*Instructions for the task:* Scan the material below for "assumes", then return each line that contains it.

*Supplied material:*
------------------------------------------------------------------------
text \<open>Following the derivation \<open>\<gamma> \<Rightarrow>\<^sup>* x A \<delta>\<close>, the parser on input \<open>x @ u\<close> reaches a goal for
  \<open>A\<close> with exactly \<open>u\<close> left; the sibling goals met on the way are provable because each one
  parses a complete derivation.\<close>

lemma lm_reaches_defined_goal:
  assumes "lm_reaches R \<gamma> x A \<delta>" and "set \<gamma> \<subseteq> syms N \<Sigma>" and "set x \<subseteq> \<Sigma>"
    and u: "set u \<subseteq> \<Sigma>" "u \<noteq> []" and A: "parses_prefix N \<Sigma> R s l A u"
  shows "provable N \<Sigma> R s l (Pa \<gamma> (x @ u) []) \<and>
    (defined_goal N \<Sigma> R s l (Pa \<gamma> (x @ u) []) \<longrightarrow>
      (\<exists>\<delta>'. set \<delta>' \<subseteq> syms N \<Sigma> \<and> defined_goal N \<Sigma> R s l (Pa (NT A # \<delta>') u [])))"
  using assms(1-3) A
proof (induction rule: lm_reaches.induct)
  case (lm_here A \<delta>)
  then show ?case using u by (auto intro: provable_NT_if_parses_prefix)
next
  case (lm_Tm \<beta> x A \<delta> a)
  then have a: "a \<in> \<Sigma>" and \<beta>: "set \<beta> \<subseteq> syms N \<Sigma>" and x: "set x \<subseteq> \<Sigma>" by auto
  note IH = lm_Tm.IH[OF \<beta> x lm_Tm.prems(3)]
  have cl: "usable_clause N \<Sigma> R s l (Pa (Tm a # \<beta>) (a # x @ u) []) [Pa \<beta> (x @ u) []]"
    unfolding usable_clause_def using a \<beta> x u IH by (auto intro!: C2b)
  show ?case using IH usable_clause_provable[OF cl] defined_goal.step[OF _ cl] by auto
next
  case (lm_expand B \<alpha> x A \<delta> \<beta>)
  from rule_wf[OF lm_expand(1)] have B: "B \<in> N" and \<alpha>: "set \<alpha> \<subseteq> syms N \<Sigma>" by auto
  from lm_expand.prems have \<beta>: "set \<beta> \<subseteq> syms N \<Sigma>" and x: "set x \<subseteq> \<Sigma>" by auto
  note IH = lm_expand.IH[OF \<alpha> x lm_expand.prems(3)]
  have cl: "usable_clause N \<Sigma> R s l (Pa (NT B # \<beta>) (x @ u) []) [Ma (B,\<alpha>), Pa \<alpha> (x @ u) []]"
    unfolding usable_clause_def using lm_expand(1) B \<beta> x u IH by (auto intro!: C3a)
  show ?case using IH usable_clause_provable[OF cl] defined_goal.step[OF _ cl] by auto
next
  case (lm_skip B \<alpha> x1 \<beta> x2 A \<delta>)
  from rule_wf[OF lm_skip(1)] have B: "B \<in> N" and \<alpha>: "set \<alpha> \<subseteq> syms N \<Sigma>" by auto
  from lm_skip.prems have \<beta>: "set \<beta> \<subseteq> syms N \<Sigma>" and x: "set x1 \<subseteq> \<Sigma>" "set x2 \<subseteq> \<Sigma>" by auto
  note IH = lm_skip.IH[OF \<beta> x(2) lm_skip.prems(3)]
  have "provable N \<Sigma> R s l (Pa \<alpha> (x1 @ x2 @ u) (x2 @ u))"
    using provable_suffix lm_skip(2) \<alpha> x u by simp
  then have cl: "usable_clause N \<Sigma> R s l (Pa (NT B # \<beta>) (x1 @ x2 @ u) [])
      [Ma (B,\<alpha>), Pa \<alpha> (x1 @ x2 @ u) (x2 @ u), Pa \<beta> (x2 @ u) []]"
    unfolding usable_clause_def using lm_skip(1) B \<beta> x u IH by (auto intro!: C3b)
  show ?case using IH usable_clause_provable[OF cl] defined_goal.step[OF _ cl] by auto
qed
------------------------------------------------------------------------
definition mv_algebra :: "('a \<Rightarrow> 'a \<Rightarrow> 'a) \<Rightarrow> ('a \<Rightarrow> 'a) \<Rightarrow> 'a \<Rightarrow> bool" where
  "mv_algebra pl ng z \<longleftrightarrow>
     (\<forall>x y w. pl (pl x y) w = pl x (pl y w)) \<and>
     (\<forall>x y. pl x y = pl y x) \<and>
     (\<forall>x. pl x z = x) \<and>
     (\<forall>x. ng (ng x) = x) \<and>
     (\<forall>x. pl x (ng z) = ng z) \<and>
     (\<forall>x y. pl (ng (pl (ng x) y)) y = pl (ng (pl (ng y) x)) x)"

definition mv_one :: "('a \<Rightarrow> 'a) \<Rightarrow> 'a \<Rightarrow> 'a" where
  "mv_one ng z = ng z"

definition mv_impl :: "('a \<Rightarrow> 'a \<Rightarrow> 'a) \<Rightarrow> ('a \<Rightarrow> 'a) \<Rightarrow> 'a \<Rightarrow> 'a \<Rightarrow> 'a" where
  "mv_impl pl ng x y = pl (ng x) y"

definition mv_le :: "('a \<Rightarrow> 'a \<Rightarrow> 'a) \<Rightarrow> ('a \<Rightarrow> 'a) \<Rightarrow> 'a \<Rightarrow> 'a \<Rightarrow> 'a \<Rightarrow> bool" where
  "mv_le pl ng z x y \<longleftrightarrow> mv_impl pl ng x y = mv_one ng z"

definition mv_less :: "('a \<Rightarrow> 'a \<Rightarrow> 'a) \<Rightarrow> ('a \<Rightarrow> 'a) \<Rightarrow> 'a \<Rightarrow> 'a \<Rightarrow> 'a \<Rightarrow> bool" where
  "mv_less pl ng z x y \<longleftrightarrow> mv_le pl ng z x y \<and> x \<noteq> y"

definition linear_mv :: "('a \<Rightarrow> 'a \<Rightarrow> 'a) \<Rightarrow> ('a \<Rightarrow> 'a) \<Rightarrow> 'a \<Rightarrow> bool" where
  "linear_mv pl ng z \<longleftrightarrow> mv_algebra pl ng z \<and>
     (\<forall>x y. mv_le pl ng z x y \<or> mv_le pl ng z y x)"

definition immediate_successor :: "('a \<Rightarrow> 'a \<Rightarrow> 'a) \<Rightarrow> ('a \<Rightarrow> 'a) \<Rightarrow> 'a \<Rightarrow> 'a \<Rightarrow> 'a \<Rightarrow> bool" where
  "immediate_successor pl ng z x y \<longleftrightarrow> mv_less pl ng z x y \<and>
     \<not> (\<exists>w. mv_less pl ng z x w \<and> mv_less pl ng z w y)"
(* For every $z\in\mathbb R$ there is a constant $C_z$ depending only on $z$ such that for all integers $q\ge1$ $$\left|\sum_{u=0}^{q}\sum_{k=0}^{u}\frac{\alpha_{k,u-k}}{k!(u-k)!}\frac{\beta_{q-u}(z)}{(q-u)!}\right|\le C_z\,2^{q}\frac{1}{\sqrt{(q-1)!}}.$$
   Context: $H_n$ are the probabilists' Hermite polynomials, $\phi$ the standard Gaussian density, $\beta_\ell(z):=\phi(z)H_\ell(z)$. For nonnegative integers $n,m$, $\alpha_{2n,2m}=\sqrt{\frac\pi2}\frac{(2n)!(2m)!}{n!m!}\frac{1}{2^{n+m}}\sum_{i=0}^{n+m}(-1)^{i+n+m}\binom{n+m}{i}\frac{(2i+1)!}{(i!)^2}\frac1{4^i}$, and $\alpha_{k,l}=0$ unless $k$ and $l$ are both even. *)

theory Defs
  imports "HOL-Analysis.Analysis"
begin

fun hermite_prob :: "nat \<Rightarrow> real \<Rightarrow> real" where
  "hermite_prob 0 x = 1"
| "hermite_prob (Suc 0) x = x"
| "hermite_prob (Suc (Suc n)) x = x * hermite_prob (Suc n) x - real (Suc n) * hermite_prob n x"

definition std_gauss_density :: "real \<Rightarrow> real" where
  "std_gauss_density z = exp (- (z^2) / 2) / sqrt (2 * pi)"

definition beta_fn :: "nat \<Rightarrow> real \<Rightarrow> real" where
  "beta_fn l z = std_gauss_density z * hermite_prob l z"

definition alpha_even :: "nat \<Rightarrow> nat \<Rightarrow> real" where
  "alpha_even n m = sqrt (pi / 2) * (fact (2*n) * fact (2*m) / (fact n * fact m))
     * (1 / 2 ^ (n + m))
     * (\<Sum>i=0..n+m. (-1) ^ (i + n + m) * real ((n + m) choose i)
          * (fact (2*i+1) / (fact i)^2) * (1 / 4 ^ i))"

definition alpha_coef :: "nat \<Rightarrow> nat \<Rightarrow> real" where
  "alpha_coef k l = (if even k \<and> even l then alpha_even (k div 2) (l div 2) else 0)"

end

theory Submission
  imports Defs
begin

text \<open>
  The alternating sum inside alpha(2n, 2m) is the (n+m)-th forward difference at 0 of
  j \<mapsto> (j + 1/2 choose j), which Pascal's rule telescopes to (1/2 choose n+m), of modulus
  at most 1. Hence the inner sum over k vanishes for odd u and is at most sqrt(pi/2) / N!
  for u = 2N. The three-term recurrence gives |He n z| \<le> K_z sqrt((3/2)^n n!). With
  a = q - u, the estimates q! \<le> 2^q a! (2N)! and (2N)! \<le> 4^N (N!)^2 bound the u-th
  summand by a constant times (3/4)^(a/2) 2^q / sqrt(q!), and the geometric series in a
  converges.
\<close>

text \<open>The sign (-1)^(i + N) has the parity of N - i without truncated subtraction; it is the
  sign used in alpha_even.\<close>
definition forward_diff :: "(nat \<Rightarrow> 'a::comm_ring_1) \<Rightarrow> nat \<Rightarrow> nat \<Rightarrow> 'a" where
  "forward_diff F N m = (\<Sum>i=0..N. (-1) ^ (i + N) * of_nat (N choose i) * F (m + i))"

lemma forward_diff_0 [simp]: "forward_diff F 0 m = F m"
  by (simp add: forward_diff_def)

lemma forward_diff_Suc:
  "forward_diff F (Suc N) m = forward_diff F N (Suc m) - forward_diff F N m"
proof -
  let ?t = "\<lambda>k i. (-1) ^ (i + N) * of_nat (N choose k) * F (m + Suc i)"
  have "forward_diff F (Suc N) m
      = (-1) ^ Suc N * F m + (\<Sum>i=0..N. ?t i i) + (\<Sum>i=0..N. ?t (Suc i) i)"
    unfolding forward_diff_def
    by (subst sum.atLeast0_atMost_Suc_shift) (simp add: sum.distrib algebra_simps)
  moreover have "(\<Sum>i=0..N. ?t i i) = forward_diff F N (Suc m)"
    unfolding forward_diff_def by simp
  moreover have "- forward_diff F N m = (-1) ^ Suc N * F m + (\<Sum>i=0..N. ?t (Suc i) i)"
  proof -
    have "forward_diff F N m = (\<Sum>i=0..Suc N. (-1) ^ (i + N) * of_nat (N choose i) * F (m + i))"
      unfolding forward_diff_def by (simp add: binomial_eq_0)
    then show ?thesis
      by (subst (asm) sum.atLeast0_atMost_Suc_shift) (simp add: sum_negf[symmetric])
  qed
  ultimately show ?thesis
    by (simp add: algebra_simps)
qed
------------------------------------------------------------------------
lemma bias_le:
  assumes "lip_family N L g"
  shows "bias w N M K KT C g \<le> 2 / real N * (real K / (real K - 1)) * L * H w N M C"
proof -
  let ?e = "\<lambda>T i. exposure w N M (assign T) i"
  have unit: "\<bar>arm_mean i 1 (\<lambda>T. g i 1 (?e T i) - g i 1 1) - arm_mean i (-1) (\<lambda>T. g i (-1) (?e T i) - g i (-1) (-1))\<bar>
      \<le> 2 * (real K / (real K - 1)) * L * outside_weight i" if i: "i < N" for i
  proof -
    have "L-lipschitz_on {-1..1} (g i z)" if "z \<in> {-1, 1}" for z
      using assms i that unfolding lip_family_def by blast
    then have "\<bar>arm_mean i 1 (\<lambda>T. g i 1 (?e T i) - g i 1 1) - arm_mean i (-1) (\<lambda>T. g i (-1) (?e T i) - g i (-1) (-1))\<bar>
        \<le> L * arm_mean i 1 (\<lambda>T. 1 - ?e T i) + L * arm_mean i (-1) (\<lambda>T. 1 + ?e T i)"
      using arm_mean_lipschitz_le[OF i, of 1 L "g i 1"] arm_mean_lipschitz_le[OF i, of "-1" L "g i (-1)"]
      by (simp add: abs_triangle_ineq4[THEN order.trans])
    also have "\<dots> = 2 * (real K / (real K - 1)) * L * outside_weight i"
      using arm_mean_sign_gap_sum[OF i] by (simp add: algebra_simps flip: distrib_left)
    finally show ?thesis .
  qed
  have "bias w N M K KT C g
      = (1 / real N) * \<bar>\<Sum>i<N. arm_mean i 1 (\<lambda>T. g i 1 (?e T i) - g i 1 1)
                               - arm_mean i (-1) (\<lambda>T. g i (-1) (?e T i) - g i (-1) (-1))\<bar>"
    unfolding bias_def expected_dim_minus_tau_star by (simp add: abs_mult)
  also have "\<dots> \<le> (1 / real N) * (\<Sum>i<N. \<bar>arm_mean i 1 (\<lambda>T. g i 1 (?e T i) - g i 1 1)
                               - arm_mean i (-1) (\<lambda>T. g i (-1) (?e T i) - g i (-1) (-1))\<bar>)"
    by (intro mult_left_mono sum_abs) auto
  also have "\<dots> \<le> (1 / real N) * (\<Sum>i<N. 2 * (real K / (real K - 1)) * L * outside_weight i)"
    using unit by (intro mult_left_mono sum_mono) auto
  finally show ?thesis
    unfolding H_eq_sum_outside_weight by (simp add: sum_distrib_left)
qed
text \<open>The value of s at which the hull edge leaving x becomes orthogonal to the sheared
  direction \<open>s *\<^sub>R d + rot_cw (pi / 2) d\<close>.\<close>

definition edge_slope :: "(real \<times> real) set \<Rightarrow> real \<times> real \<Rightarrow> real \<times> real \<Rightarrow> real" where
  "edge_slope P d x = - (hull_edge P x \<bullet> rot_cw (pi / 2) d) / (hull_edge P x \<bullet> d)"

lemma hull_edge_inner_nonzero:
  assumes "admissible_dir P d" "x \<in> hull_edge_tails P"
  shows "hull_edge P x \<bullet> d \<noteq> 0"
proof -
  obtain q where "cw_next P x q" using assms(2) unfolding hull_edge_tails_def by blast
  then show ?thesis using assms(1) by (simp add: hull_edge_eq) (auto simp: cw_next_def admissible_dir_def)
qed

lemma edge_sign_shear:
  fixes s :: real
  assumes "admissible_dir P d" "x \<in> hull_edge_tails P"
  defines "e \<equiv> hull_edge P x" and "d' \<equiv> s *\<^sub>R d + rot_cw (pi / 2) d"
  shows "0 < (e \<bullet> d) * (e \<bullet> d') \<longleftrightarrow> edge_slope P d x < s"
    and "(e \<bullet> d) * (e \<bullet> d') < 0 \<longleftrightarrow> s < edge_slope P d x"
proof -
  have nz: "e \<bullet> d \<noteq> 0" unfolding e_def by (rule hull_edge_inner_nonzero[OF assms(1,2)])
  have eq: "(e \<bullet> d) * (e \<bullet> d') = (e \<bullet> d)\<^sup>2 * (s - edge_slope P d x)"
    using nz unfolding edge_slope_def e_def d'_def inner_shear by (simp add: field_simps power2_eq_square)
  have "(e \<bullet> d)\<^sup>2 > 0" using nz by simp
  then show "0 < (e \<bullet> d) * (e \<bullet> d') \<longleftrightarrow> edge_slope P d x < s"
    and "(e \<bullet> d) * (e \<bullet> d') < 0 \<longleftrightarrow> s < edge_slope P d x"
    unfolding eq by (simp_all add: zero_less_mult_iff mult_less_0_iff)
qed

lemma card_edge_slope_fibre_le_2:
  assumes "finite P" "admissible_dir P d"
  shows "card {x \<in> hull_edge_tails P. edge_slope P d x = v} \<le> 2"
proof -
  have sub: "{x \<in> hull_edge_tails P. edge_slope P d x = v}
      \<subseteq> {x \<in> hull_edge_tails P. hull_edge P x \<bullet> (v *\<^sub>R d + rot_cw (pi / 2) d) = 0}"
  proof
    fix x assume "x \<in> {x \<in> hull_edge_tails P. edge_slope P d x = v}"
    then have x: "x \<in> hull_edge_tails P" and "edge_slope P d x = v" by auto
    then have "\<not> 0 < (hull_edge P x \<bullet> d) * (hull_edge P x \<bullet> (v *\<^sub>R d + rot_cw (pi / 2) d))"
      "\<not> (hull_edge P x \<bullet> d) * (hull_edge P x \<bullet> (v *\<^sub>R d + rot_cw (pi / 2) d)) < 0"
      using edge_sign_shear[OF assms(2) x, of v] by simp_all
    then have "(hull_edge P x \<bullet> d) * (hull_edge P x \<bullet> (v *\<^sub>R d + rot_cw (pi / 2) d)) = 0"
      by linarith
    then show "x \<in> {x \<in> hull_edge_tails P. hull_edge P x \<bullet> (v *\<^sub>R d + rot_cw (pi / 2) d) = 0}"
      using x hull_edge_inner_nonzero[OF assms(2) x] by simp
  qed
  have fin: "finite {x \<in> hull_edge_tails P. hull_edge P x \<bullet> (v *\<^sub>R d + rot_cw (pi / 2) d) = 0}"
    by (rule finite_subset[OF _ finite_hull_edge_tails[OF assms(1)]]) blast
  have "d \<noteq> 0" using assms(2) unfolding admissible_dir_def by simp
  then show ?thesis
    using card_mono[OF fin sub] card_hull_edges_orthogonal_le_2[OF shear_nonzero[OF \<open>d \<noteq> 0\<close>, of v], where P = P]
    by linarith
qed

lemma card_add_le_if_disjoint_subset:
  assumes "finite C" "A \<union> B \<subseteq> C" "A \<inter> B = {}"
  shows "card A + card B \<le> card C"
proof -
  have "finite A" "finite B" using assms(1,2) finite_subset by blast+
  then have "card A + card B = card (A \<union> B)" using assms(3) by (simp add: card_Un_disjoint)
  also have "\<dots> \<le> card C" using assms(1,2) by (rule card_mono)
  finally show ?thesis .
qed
------------------------------------------------------------------------
*Result for this exercise:*
  assumes "lm_reaches R \<gamma> x A \<delta>" and "set \<gamma> \<subseteq> syms N \<Sigma>" and "set x \<subseteq> \<Sigma>"
  assumes "lip_family N L g"
  assumes "admissible_dir P d" "x \<in> hull_edge_tails P"
  assumes "admissible_dir P d" "x \<in> hull_edge_tails P"
  assumes "finite P" "admissible_dir P d"
  assumes "finite C" "A \<union> B \<subseteq> C" "A \<inter> B = {}"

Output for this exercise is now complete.